Servlet caching strategies?

markspace · Sep 20, 2010

I was poking around the internet looking for caching idea for servlets
and JEE containers. Here's an excerpt from an older book (2002)
published by O'Reilly:

"Pregeneration and caching of content can be key to providing your site
visitors with a quality experience. With the right pregeneration and
caching, web pages pop up rather than drag, and loads are
reduced--sometimes dramatically--on the client, server, and network....

There's no need to dynamically regenerate content that doesn't change
between requests. "

<http://events.oreilly.com/pub/a/onjava/excerpt/jebp_3/index2.html>

Since this source is almost 8 years old, I thought I'd ask here.
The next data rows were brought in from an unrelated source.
lemma neg_ext_eq_if_p_image_eq:
  assumes x: "conf \<sigma> x" and z: "conf \<sigma> z" and xz: "neg_ext \<sigma> x z"
    and y: "conf \<sigma> y" "x \<subseteq> y" "p ` y = p ` z"
  shows "y = z"
proof -
  have unique: "\<exists>!y'. conf \<sigma> y' \<and> x \<subseteq> y' \<and> p ` y' = p ` z"
    using neg_receptive[OF x conf_p_image[OF z] es_map_neg_ext[OF es_map_p z xz]] .
  have "y = (THE y'. conf \<sigma> y' \<and> x \<subseteq> y' \<and> p ` y' = p ` z)"
    using the1_equality[OF unique] y by simp
  also have "\<dots> = z"
    using the1_equality[OF unique] z xz by (simp add: neg_ext_def)
  finally show ?thesis .
qed

lemma es_map_phi: "\<alpha> \<in> carrier N \<Longrightarrow> es_map \<sigma> \<sigma> (\<phi> \<alpha>)"
  using uniform by (simp add: uniform_strategy_def)

lemma conf_phi_image: "\<alpha> \<in> carrier N \<Longrightarrow> conf \<sigma> x \<Longrightarrow> conf \<sigma> (\<phi> \<alpha> ` x)"
  by (rule es_map_conf[OF es_map_phi])

lemma phib_closed: "\<alpha> \<in> carrier N \<Longrightarrow> conf \<sigma> x \<Longrightarrow> \<phi>b \<alpha> x \<in> carrier P"
  using uniform by (simp add: uniform_strategy_def)

lemma act_phib_p_phi:
  "\<alpha> \<in> carrier N \<Longrightarrow> conf \<sigma> x \<Longrightarrow> s \<in> x \<Longrightarrow> actP (\<phi>b \<alpha> x) (p (\<phi> \<alpha> s)) = actN \<alpha> (p s)"
  using uniform by (simp add: uniform_strategy_def)

lemma p_phi:
  assumes \<alpha>: "\<alpha> \<in> carrier N" and x: "conf \<sigma> x" and s: "s \<in> x"
  shows "p (\<phi> \<alpha> s) = actP (inv\<^bsub>P\<^esub> (\<phi>b \<alpha> x)) (actN \<alpha> (p s))"
proof -
  have "p (\<phi> \<alpha> s) \<in> evs A"
    using p_in_evs[OF conf_phi_image[OF \<alpha> x]] s by blast
  then show ?thesis
    using act_phib_p_phi[OF \<alpha> x s] phib_closed[OF \<alpha> x] by (metis Pos.act_inv_act)
qed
Is
"pregeneration" of content still considered a best practice? What tools
do you use to manage the process? The article recommends Tomcat & Ant,
apparently implying that you should build everything possible statically
with Ant before deploying it.

Any different thoughts?

Arved Sandstrom · Sep 21, 2010

markspace said:
I was poking around the internet looking for caching idea for servlets
and JEE containers. Here's an excerpt from an older book (2002)
published by O'Reilly:

"Pregeneration and caching of content can be key to providing your
site visitors with a quality experience. With the right pregeneration
and caching, web pages pop up rather than drag, and loads are
reduced--sometimes dramatically--on the client, server, and
network....
There's no need to dynamically regenerate content that doesn't change
between requests. "

<http://events.oreilly.com/pub/a/onjava/excerpt/jebp_3/index2.html>

Since this source is almost 8 years old, I thought I'd ask here. Is
"pregeneration" of content still considered a best practice? What
tools do you use to manage the process? The article recommends
Tomcat & Ant, apparently implying that you should build everything
possible statically with Ant before deploying it.

Any different thoughts?

As far as I'm concerned it's still a best practice. I have to confess, while
some of the web apps I've worked on in the past decade could have profitably
used a certain amount of deliberate thought regarding caching and/or
pregeneration, neither I nor anyone else on the dev teams ever really
thought about it; hardware advances seemed to save the day. Most times we
focused on optimizing the connection to the database.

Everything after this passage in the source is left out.